Correlation Between Nasdaq and All American
Can any of the company-specific risk be diversified away by investing in both Nasdaq and All American at the same time? Although using a correlation coefficient on its own may not help to predict future stock returns, this module helps to understand the diversifiable risk of combining Nasdaq and All American into the same portfolio, which is an essential part of the fundamental portfolio management process.
By analyzing existing cross correlation between Nasdaq Inc and All American Gld, you can compare the effects of market volatilities on Nasdaq and All American and check how they will diversify away market risk if combined in the same portfolio for a given time horizon. You can also utilize pair trading strategies of matching a long position in Nasdaq with a short position of All American. Check out your portfolio center. Please also check ongoing floating volatility patterns of Nasdaq and All American.
Diversification Opportunities for Nasdaq and All American
0.54 | Correlation Coefficient |
Very weak diversification
The 3 months correlation between Nasdaq and All is 0.54. Overlapping area represents the amount of risk that can be diversified away by holding Nasdaq Inc and All American Gld in the same portfolio, assuming nothing else is changed. The correlation between historical prices or returns on All American Gld and Nasdaq is a relative statistical measure of the degree to which these equity instruments tend to move together. The correlation coefficient measures the extent to which returns on Nasdaq Inc are associated (or correlated) with All American. Values of the correlation coefficient range from -1 to +1, where. The correlation of zero (0) is possible when the price movement of All American Gld has no effect on the direction of Nasdaq i.e., Nasdaq and All American go up and down completely randomly.

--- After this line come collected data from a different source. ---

lemma pm_of_mset_add [simp]: "pm_of_mset (M + N) = pm_of_mset M + pm_of_mset N"
  by (simp add: pm_of_mset_def)

lemma count_mset_of_pm [simp]: "count (mset_of_pm c) v = Poly_Mapping.lookup c v"
proof -
  have "count (mset_of_pm c) v = (\<Sum>w\<in>Poly_Mapping.keys c. if w = v then Poly_Mapping.lookup c v else 0)"
    unfolding mset_of_pm_def count_sum by (intro sum.cong) auto
  then show ?thesis
    by (simp add: in_keys_iff)
qed

lemma mset_of_pm_add [simp]: "mset_of_pm (c + d) = mset_of_pm c + mset_of_pm d"
  by (simp add: multiset_eq_iff lookup_add)

lemma mset_of_pm_of_mset [simp]: "mset_of_pm (pm_of_mset N) = N"
  by (simp add: multiset_eq_iff)

lemma pm_of_mset_of_pm [simp]: "pm_of_mset (mset_of_pm c) = c"
  by (rule poly_mapping_eqI) simp

lemma mon_add: "(mon (a + b) :: ('v, 'k::comm_ring_1) mpoly) = mon a * mon b"
  by (simp add: mon_def mult_single)

lemma mon_dvd_mon:
  assumes "N \<subseteq># mset_of_pm c"
  shows "(mon (pm_of_mset N) :: ('v, 'k::comm_ring_1) mpoly) dvd mon c"
proof -
  have "c = pm_of_mset N + pm_of_mset (mset_of_pm c - N)"
    using assms by (metis pm_of_mset_add pm_of_mset_of_pm subset_mset.add_diff_inverse)
  then show ?thesis
    by (metis mon_add dvd_triv_left)
qed
(* Let $X$ be a real $n\times p$ matrix ($p<n$) of full rank, let $\sigma>0$, $f\in\mathbb{R}^p$, $z\in\mathbb{R}^n$, and $y=Xf+z$. Let $z=X\bar g+\bar b$ be the unique decomposition with $\bar g\in\mathbb{R}^p$ and $\bar b\in\ker X^\top$, and set $f_n=f+\bar g$. If $\|\bar b\|_\infty<\sigma$, then $(f_n,\bar b)$ is the unique solution of $$\min_{(g,b)\in\mathbb{R}^p\times\mathbb{R}^n}\ \sigma\|y-Xg-b\|_1+\tfrac12\|b\|_2^2.$$
   Context: $f_n$ is the least squares estimator $(X^\top X)^{-1}X^\top y$. *)

theory Defs
  imports "HOL-Analysis.Analysis"
begin

definition l1_norm :: "real^'n \<Rightarrow> real" where
  "l1_norm v = (\<Sum>i\<in>UNIV. \<bar>v $ i\<bar>)"

definition linf_norm :: "real^'n \<Rightarrow> real" where
  "linf_norm v = Max (range (\<lambda>i. \<bar>v $ i\<bar>))"

end

theory Submission
  imports Defs
begin

text \<open>With \<open>c = f + gbar\<close> we have \<open>y = X c + bbar\<close>, so \<open>(c, bbar)\<close> has zero residual.
  For any other \<open>(g, b)\<close> with residual \<open>r = y - X g - b\<close>, orthogonality of \<open>bbar\<close> to the
  range of \<open>X\<close> gives \<open>\<langle>bbar, b - bbar\<rangle> = -\<langle>bbar, r\<rangle>\<close>, hence by Hoelder's inequality
  the objective exceeds its value at \<open>(c, bbar)\<close> by at least
  \<open>(\<sigma> - |bbar|_\<infinity>) |r|_1 + |b - bbar|^2/2\<close>.
  When \<open>|bbar|_\<infinity> < \<sigma>\<close> equality forces \<open>r = 0\<close> and \<open>b = bbar\<close>, and then \<open>g = c\<close>
  because a full-rank \<open>X\<close> is injective.\<close>

definition objective :: "real \<Rightarrow> real^'p^'n \<Rightarrow> real^'n \<Rightarrow> real^'p \<Rightarrow> real^'n \<Rightarrow> real" where
  "objective \<sigma> X y g b = \<sigma> * l1_norm (y - X *v g - b) + (1/2) * (norm b)^2"

lemma abs_nth_le_linf_norm: "\<bar>v $ i\<bar> \<le> linf_norm (v::real^'n)"
  unfolding linf_norm_def by (rule Max_ge) auto

lemma l1_norm_nonneg: "0 \<le> l1_norm (v::real^'n)"
  unfolding l1_norm_def by (simp add: sum_nonneg)

lemma l1_norm_eq_0_iff: "l1_norm (v::real^'n) = 0 \<longleftrightarrow> v = 0"
  unfolding l1_norm_def by (subst sum_nonneg_eq_0_iff) (auto simp: vec_eq_iff)

lemma abs_inner_le_linf_norm_l1_norm: "\<bar>inner (b::real^'n) r\<bar> \<le> linf_norm b * l1_norm r"
proof -
  have "\<bar>inner b r\<bar> = \<bar>\<Sum>i\<in>UNIV. b$i * r$i\<bar>" by (simp add: inner_vec_def)
  also have "\<dots> \<le> (\<Sum>i\<in>UNIV. \<bar>b$i * r$i\<bar>)" by (rule sum_abs)
  also have "\<dots> \<le> (\<Sum>i\<in>UNIV. linf_norm b * \<bar>r$i\<bar>)"
    by (rule sum_mono) (simp add: abs_mult mult_right_mono abs_nth_le_linf_norm)
  also have "\<dots> = linf_norm b * l1_norm r" by (simp add: l1_norm_def sum_distrib_left)
  finally show ?thesis .
qed

lemma inner_eq_0_if_transpose_mult_eq_0:
  fixes X :: "real^'p^'n"
  assumes "transpose X *v b = 0"
  shows "inner b (X *v h) = 0"
proof -
  have "inner b (X *v h) = inner (b v* X) h" by (simp add: dot_lmul_matrix)
  also have "b v* X = 0" using assms by simp
  finally show ?thesis by simp
qed

lemma objective_excess_lower_bound:
  assumes y: "y = X *v c + b0" and orth: "transpose X *v b0 = 0"
  shows "objective \<sigma> X y c b0 + (\<sigma> - linf_norm b0) * l1_norm (y - X *v g - b)
           + (1/2) * (norm (b - b0))^2 \<le> objective \<sigma> X y g b"
proof -
  define r where "r = y - X *v g - b"
  define d where "d = b - b0"
  have r: "r = X *v (c - g) - d"
    unfolding r_def d_def y by (simp add: matrix_vector_mult_diff_distrib algebra_simps)
  have "inner b0 d = - inner b0 r"
    using inner_eq_0_if_transpose_mult_eq_0[OF orth, of "c - g"] by (simp add: r inner_diff_right)
  moreover have "(norm b)^2 = (norm b0)^2 + 2 * inner b0 d + (norm d)^2"
    by (simp add: d_def power2_norm_eq_inner inner_diff_left inner_diff_right inner_commute)
  moreover have "inner b0 r \<le> linf_norm b0 * l1_norm r"
    using abs_inner_le_linf_norm_l1_norm[of b0 r] by linarith
  moreover have "objective \<sigma> X y c b0 = (1/2) * (norm b0)^2"
    by (simp add: objective_def y l1_norm_eq_0_iff)
  moreover have "(\<sigma> - linf_norm b0) * l1_norm r = \<sigma> * l1_norm r - linf_norm b0 * l1_norm r"
    by (simp add: left_diff_distrib)
  ultimately show ?thesis
    unfolding objective_def r_def[symmetric] d_def[symmetric] by linarith
qed

lemma objective_minimal:
  assumes "y = X *v c + b0" "transpose X *v b0 = 0" "linf_norm b0 \<le> \<sigma>"
  shows "objective \<sigma> X y c b0 \<le> objective \<sigma> X y g b"
proof -
  have "0 \<le> (\<sigma> - linf_norm b0) * l1_norm (y - X *v g - b)"
    using assms(3) by (simp add: l1_norm_nonneg)
  moreover have "0 \<le> (1/2) * (norm (b - b0))^2" by simp
  ultimately show ?thesis
    using objective_excess_lower_bound[OF assms(1,2), of \<sigma> g b] by linarith
qed

lemma objective_minimizer_unique:
  assumes y: "y = X *v c + b0" and orth: "transpose X *v b0 = 0"
    and "linf_norm b0 < \<sigma>" and inj: "inj ((*v) X)"
    and le: "objective \<sigma> X y g b \<le> objective \<sigma> X y c b0"
  shows "g = c \<and> b = b0"
proof -
  have "0 \<le> (\<sigma> - linf_norm b0) * l1_norm (y - X *v g - b)"
    using assms(3) by (simp add: l1_norm_nonneg)
  moreover have "0 \<le> (norm (b - b0))^2" by simp
  ultimately have "(\<sigma> - linf_norm b0) * l1_norm (y - X *v g - b) = 0" "(norm (b - b0))^2 = 0"
    using objective_excess_lower_bound[OF y orth, of \<sigma> g b] le by linarith+
  then have "y - X *v g - b = 0" and b: "b = b0"
    using assms(3) by (auto simp: l1_norm_eq_0_iff)
  then have "X *v g = X *v c" by (simp add: y)
  with inj b show ?thesis by (simp add: injD)
qed

theorem proposition4p4:
  fixes X :: "real^'p^'n" and \<sigma> :: real and f gbar :: "real^'p"
    and z y bbar :: "real^'n"
  assumes "CARD('p) < CARD('n)"
    and "rank X = CARD('p)"
    and "\<sigma> > 0"
    and "y = X *v f + z"
    and "z = X *v gbar + bbar"
    and "transpose X *v bbar = 0"
    and "linf_norm bbar < \<sigma>"
  shows "(\<forall>g b. \<sigma> * l1_norm (y - X *v (f + gbar) - bbar) + (1/2) * (norm bbar)^2
                 \<le> \<sigma> * l1_norm (y - X *v g - b) + (1/2) * (norm b)^2)
       \<and> (\<forall>g b. \<sigma> * l1_norm (y - X *v g - b) + (1/2) * (norm b)^2
                 \<le> \<sigma> * l1_norm (y - X *v (f + gbar) - bbar) + (1/2) * (norm bbar)^2
               \<longrightarrow> g = f + gbar \<and> b = bbar)"
proof -
  have y: "y = X *v (f + gbar) + bbar"
    using assms(4,5) by (simp add: matrix_vector_right_distrib)
  have inj: "inj ((*v) X)"
    using assms(2) full_rank_injective by blast
  show ?thesis
    using objective_minimal[OF y assms(6)] objective_minimizer_unique[OF y assms(6,7) inj]
      assms(7) unfolding objective_def by auto
qed

end
lemma large_Dproc_subset_prefix_excess_events:
  assumes "0 < \<epsilon>" and "1 \<le> N" and "1 \<le> M" and "1 \<le> nT"
    and p_nonneg: "\<And>i. i \<in> {1..M} \<Longrightarrow> 0 \<le> p i" and p_sum: "(\<Sum>i=1..M. p i) = 1"
    and "4 * \<epsilon> \<le> \<theta>"
    and init_bound: "\<And>\<omega> i n. \<omega> \<in> set_pmf (arrival_space nT N M p) \<Longrightarrow> i \<in> {1..M} \<Longrightarrow>
        0 < n \<Longrightarrow> n \<le> nT \<Longrightarrow>
        \<bar>inverse (real N / \<epsilon>) *
          (\<Sum>j\<in>{- int (nn i)..min 0 (int n - int (nn i))}.
             real (Ncount N init \<omega> i j) - p i * real N)\<bar> < \<theta>1"
  shows "{\<omega>. (MAX n\<in>{1..nT}. \<bar>Dproc \<epsilon> N M nn init \<omega> n\<bar>) \<ge> real M * \<theta> + real M * \<theta>1}
           \<inter> set_pmf (arrival_space nT N M p)
         \<subseteq> (\<Union>(i, \<sigma>)\<in>{1..M} \<times> {1, -1}. prefix_excess_event nT N p i \<sigma> (3 * \<theta> * real N / (4 * \<epsilon>)))"
proof clarify
  fix \<omega>
  assume \<omega>: "\<omega> \<in> set_pmf (arrival_space nT N M p)"
    and "real M * \<theta> + real M * \<theta>1 \<le> (MAX n\<in>{1..nT}. \<bar>Dproc \<epsilon> N M nn init \<omega> n\<bar>)"
  then obtain n where "n \<in> {1..nT}"
    and "real M * \<theta> + real M * \<theta>1 \<le> \<bar>Dproc \<epsilon> N M nn init \<omega> n\<bar>"
    using \<open>1 \<le> nT\<close> by (subst (asm) Max_ge_iff) auto
  moreover have "\<bar>inverse (real N / \<epsilon>) *
        (\<Sum>j\<in>{- int (nn i)..min 0 (int m - int (nn i))}. count_excess N init p \<omega> i j)\<bar> < \<theta>1"
    if "i \<in> {1..M}" "0 < m" "m \<le> n" for i m
    using init_bound[OF \<omega> that(1,2)] that(3) \<open>n \<in> {1..nT}\<close> by (simp add: count_excess_def)
  ultimately show "\<omega> \<in> (\<Union>(i, \<sigma>)\<in>{1..M} \<times> {1, -1}. prefix_excess_event nT N p i \<sigma> (3 * \<theta> * real N / (4 * \<epsilon>)))"
    using Dproc_large_imp_prefix_excess[OF assms(1-3) p_nonneg p_sum \<open>4 * \<epsilon> \<le> \<theta>\<close>] by fastforce
qed

lemma prob_large_Dproc_le:
  assumes "0 < \<epsilon>" and "1 \<le> N" and "1 \<le> M" and "1 \<le> nT"
    and p_nonneg: "\<And>i. i \<in> {1..M} \<Longrightarrow> 0 \<le> p i" and p_sum: "(\<Sum>i=1..M. p i) = 1"
    and "4 * \<epsilon> \<le> \<theta>"
    and init_bound: "\<And>\<omega> i n. \<omega> \<in> set_pmf (arrival_space nT N M p) \<Longrightarrow> i \<in> {1..M} \<Longrightarrow>
        0 < n \<Longrightarrow> n \<le> nT \<Longrightarrow>
        \<bar>inverse (real N / \<epsilon>) *
          (\<Sum>j\<in>{- int (nn i)..min 0 (int n - int (nn i))}.
             real (Ncount N init \<omega> i j) - p i * real N)\<bar> < \<theta>1"
  shows "measure_pmf.prob (arrival_space nT N M p)
           {\<omega>. (MAX n\<in>{1..nT}. \<bar>Dproc \<epsilon> N M nn init \<omega> n\<bar>) \<ge> real M * \<theta> + real M * \<theta>1}
         \<le> 2 * real M * exp (- (9 * \<theta>\<^sup>2 * real N / (8 * \<epsilon>\<^sup>2 * real nT)))"
proof -
  let ?P = "arrival_space nT N M p"
  let ?bound = "exp (- (9 * \<theta>\<^sup>2 * real N / (8 * \<epsilon>\<^sup>2 * real nT)))"
  define t where "t = 3 * \<theta> * real N / (4 * \<epsilon>)"
  define E where "E = (\<lambda>(i, \<sigma>). prefix_excess_event nT N p i \<sigma> t)"
  have "0 < t" using assms(1,2,7) by (simp add: t_def)
  have "2 * t\<^sup>2 / (real nT * real N) = 9 * \<theta>\<^sup>2 * real N / (8 * \<epsilon>\<^sup>2 * real nT)"
    using assms(1,2,4) by (simp add: t_def field_simps power2_eq_square)
  then have prob_le: "measure_pmf.prob ?P (prefix_excess_event nT N p i \<sigma> t) \<le> ?bound"
    if "i \<in> {1..M}" and "\<sigma> \<in> {1, -1}" for i \<sigma>
    using prob_prefix_excess_event_le[OF p_nonneg p_sum that \<open>1 \<le> nT\<close> \<open>1 \<le> N\<close> \<open>0 < t\<close>] by simp
  have "measure_pmf.prob ?P {\<omega>. (MAX n\<in>{1..nT}. \<bar>Dproc \<epsilon> N M nn init \<omega> n\<bar>) \<ge> real M * \<theta> + real M * \<theta>1}
      \<le> measure_pmf.prob ?P (\<Union> (E ` ({1..M} \<times> {1, -1})))"
    using large_Dproc_subset_prefix_excess_events[OF assms] unfolding E_def t_def
    by (subst measure_Int_set_pmf[symmetric]) (intro measure_pmf.finite_measure_mono, auto)
  also have "\<dots> \<le> (\<Sum>x\<in>{1..M} \<times> {1, -1}. measure_pmf.prob ?P (E x))"
    by (intro measure_pmf.finite_measure_subadditive_finite) auto
  also have "\<dots> \<le> (\<Sum>_\<in>{1..M} \<times> {1, -1 :: real}. ?bound)"
    using prob_le by (intro sum_mono) (auto simp: E_def)
  also have "\<dots> = 2 * real M * ?bound" by simp
  finally show ?thesis .
qed

lemma tail_bound_ge_1_if_theta_small:
  fixes \<epsilon> T \<theta> :: real
  assumes "0 < \<epsilon>" and "\<epsilon> \<le> T" and "0 < \<theta>" and "\<theta> < 4 * \<epsilon>" and "1 \<le> M"
  shows "1 \<le> 2 * real M * exp (- (\<theta>\<^sup>2 / (32 * T * \<epsilon>)))"
proof -
  have "\<theta>\<^sup>2 \<le> (4 * \<epsilon>)\<^sup>2" using assms by (intro power_mono) auto
  also have "\<dots> \<le> 16 * T * \<epsilon>" using assms by (simp add: power2_eq_square)
  finally have "\<theta>\<^sup>2 / (32 * T * \<epsilon>) \<le> 1 / 2" using assms by (simp add: field_simps)
  then have "exp (- (1 / 2)) \<le> exp (- (\<theta>\<^sup>2 / (32 * T * \<epsilon>)))" by simp
  moreover have "1 / 2 \<le> exp (- (1 / 2) :: real)" using exp_ge_add_one_self[of "- (1 / 2) :: real"] by simp
  ultimately have "1 \<le> 2 * exp (- (\<theta>\<^sup>2 / (32 * T * \<epsilon>)))" by linarith
  also have "\<dots> \<le> 2 * real M * exp (- (\<theta>\<^sup>2 / (32 * T * \<epsilon>)))" using \<open>1 \<le> M\<close> by simp
  finally show ?thesis .
qed

theorem lemma8p2:
  fixes \<epsilon> T \<theta> \<theta>1 :: real and N nT M :: nat
    and h :: "nat \<Rightarrow> real" and nn :: "nat \<Rightarrow> nat" and p :: "nat \<Rightarrow> real"
    and init :: "nat \<Rightarrow> int \<Rightarrow> nat"
  assumes eps: "\<epsilon> > 0" and N: "N \<ge> 1"
    and T: "T > 0" and nT: "real nT = T / \<epsilon>"
    and M: "M \<ge> 1"
    and h_pos: "\<And>i. i \<in> {1..M} \<Longrightarrow> h i > 0"
    and h_mono: "\<And>i j. i \<in> {1..M} \<Longrightarrow> j \<in> {1..M} \<Longrightarrow> i < j \<Longrightarrow> h i < h j"
    and h_nn: "\<And>i. i \<in> {1..M} \<Longrightarrow> h i = real (nn i) * \<epsilon>"
    and p_pos: "\<And>i. i \<in> {1..M} \<Longrightarrow> p i > 0"
    and p_sum: "(\<Sum>i=1..M. p i) = 1"
    and \<theta>: "\<theta> > 0" and \<theta>1: "\<theta>1 > 0"
    and init_bound: "\<And>\<omega> i n. \<omega> \<in> set_pmf (arrival_space nT N M p) \<Longrightarrow> i \<in> {1..M} \<Longrightarrow>
        0 < n \<Longrightarrow> n \<le> nT \<Longrightarrow>
        \<bar>inverse (real N / \<epsilon>) *
          (\<Sum>j\<in>{- int (nn i)..min 0 (int n - int (nn i))}.
             real (Ncount N init \<omega> i j) - p i * real N)\<bar> < \<theta>1"
  shows "measure_pmf.prob (arrival_space nT N M p)
           {\<omega>. (MAX n\<in>{1..nT}. \<bar>Dproc \<epsilon> N M nn init \<omega> n\<bar>) \<ge> real M * \<theta> + real M * \<theta>1}
         \<le> 2 * real M * exp (- (\<theta>^2 / (32 * T * \<epsilon>)))"
proof -
  have T_eq: "T = real nT * \<epsilon>" using nT eps by (simp add: field_simps)
  have "0 < real nT" using nT T eps by simp
  then have "1 \<le> nT" by simp
  have p_nonneg: "\<And>i. i \<in> {1..M} \<Longrightarrow> 0 \<le> p i" using p_pos by (simp add: less_imp_le)
  show ?thesis
  proof (cases "\<theta> < 4 * \<epsilon>")
    case True
    have "\<epsilon> \<le> T" using T_eq \<open>1 \<le> nT\<close> eps by simp
    then show ?thesis using tail_bound_ge_1_if_theta_small[OF eps _ \<theta> True M] measure_pmf.prob_le_1
      by (meson order.trans)
  next
    case False
    have "exp (- (9 * \<theta>\<^sup>2 * real N / (8 * \<epsilon>\<^sup>2 * real nT))) \<le> exp (- (\<theta>^2 / (32 * T * \<epsilon>)))"
      using eps N \<open>1 \<le> nT\<close> \<theta> unfolding T_eq by (simp add: field_simps power2_eq_square)
    then have "2 * real M * exp (- (9 * \<theta>\<^sup>2 * real N / (8 * \<epsilon>\<^sup>2 * real nT)))
        \<le> 2 * real M * exp (- (\<theta>^2 / (32 * T * \<epsilon>)))"
      by (intro mult_left_mono) auto
    with prob_large_Dproc_le[OF eps N M \<open>1 \<le> nT\<close> p_nonneg p_sum False[unfolded not_less] init_bound]
    show ?thesis by linarith
  qed
qed

end
lemma block_quadratic_form_lower_bound:
  fixes blk :: "'k::finite \<Rightarrow> 'p::finite"
  assumes Q_pd: "\<And>\<nu> v. v \<in> block_space blk \<nu> \<Longrightarrow> v \<noteq> 0 \<Longrightarrow> v \<bullet> (Q \<nu> *v v) > 0"
  shows "\<exists>\<kappa>>0. \<forall>x. \<kappa> * (norm x)\<^sup>2 \<le> (\<Sum>\<nu>\<in>UNIV. proj blk \<nu> x \<bullet> (Q \<nu> *v proj blk \<nu> x))"
proof (rule homogeneous2_lower_bound)
  have nonneg: "proj blk \<nu> x \<bullet> (Q \<nu> *v proj blk \<nu> x) \<ge> 0" for \<nu> x
    using Q_pd[OF proj_in_block_space, of \<nu> x] by (cases "proj blk \<nu> x = 0") auto
  fix x :: "real^'k"
  assume "x \<noteq> 0"
  then obtain k where "x $ k \<noteq> 0"
    by (metis vec_eq_iff zero_index)
  then have "proj blk (blk k) x \<noteq> 0"
    by (auto simp: proj_def vec_eq_iff)
  then have "proj blk (blk k) x \<bullet> (Q (blk k) *v proj blk (blk k) x) > 0"
    using Q_pd[OF proj_in_block_space] by blast
  then show "(\<Sum>\<nu>\<in>UNIV. proj blk \<nu> x \<bullet> (Q \<nu> *v proj blk \<nu> x)) > 0"
    by (intro sum_pos2[where i="blk k"]) (auto intro: nonneg)
qed (auto intro!: continuous_intros
      simp: proj_scaleR sum_distrib_left power2_eq_square algebra_simps)

lemma sum_own_cost_eq:
  assumes "\<And>\<nu>. c \<nu> \<in> block_space blk \<nu>"
  shows "(\<Sum>\<nu>\<in>UNIV. own_cost blk Q c \<nu> x) =
    (\<Sum>\<nu>\<in>UNIV. proj blk \<nu> x \<bullet> (Q \<nu> *v proj blk \<nu> x)) / 2 + (\<Sum>\<nu>\<in>UNIV. c \<nu>) \<bullet> x"
  by (simp add: own_cost_def sum.distrib sum_divide_distrib inner_sum_left
      inner_proj_block_space[OF assms])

Pair Corralation between Nasdaq and All American
Given the investment horizon of 90 days Nasdaq is expected to generate 2.78 times less return on investment than All American. But when comparing it to its historical volatility, Nasdaq Inc is 8.13 times less risky than All American. It trades about 0.18 of its potential returns per unit of risk. All American Gld is currently generating about 0.06 of returns per unit of risk over similar time horizon. If you would invest 0.08 in All American Gld on September 12, 2024 and sell it today you would earn a total of 0.01 from holding All American Gld or generate 12.5% return on investment over 90 days.
Time Period | 3 Months [change] |
Direction | Moves Together |
Strength | Weak |
Accuracy | 98.44% |
Values | Daily Returns |
Nasdaq Inc vs. All American Gld
Performance |
Timeline |
Nasdaq Inc |
All American Gld |
Nasdaq and All American Volatility Contrast
Predicted Return Density |
Returns |
Pair Trading with Nasdaq and All American
The main advantage of trading using opposite Nasdaq and All American positions is that it hedges away some unsystematic risk. Because of two separate transactions, even if Nasdaq position performs unexpectedly, All American can make up some of the losses. Pair trading also minimizes risk from directional movements in the market. For example, if an entire industry or sector drops because of unexpected headlines, the short position in All American will offset losses from the drop in All American's long position.The idea behind Nasdaq Inc and All American Gld pairs trading is to make the combined position market-neutral, meaning the overall market's direction will not affect its win or loss (or potential downside or upside). This can be achieved by designing a pairs trade with two highly correlated stocks or equities that operate in a similar space or sector, making it possible to obtain profits through simple and relatively low-risk investment.All American vs. Green Planet Bio | All American vs. Azure Holding Group | All American vs. Four Leaf Acquisition | All American vs. Opus Magnum Ameris |
Check out your portfolio center.Note that this page's information should be used as a complementary analysis to find the right mix of equity instruments to add to your existing portfolios or create a brand new portfolio. You can also try the Sign In To Macroaxis module to sign in to explore Macroaxis' wealth optimization platform and fintech modules.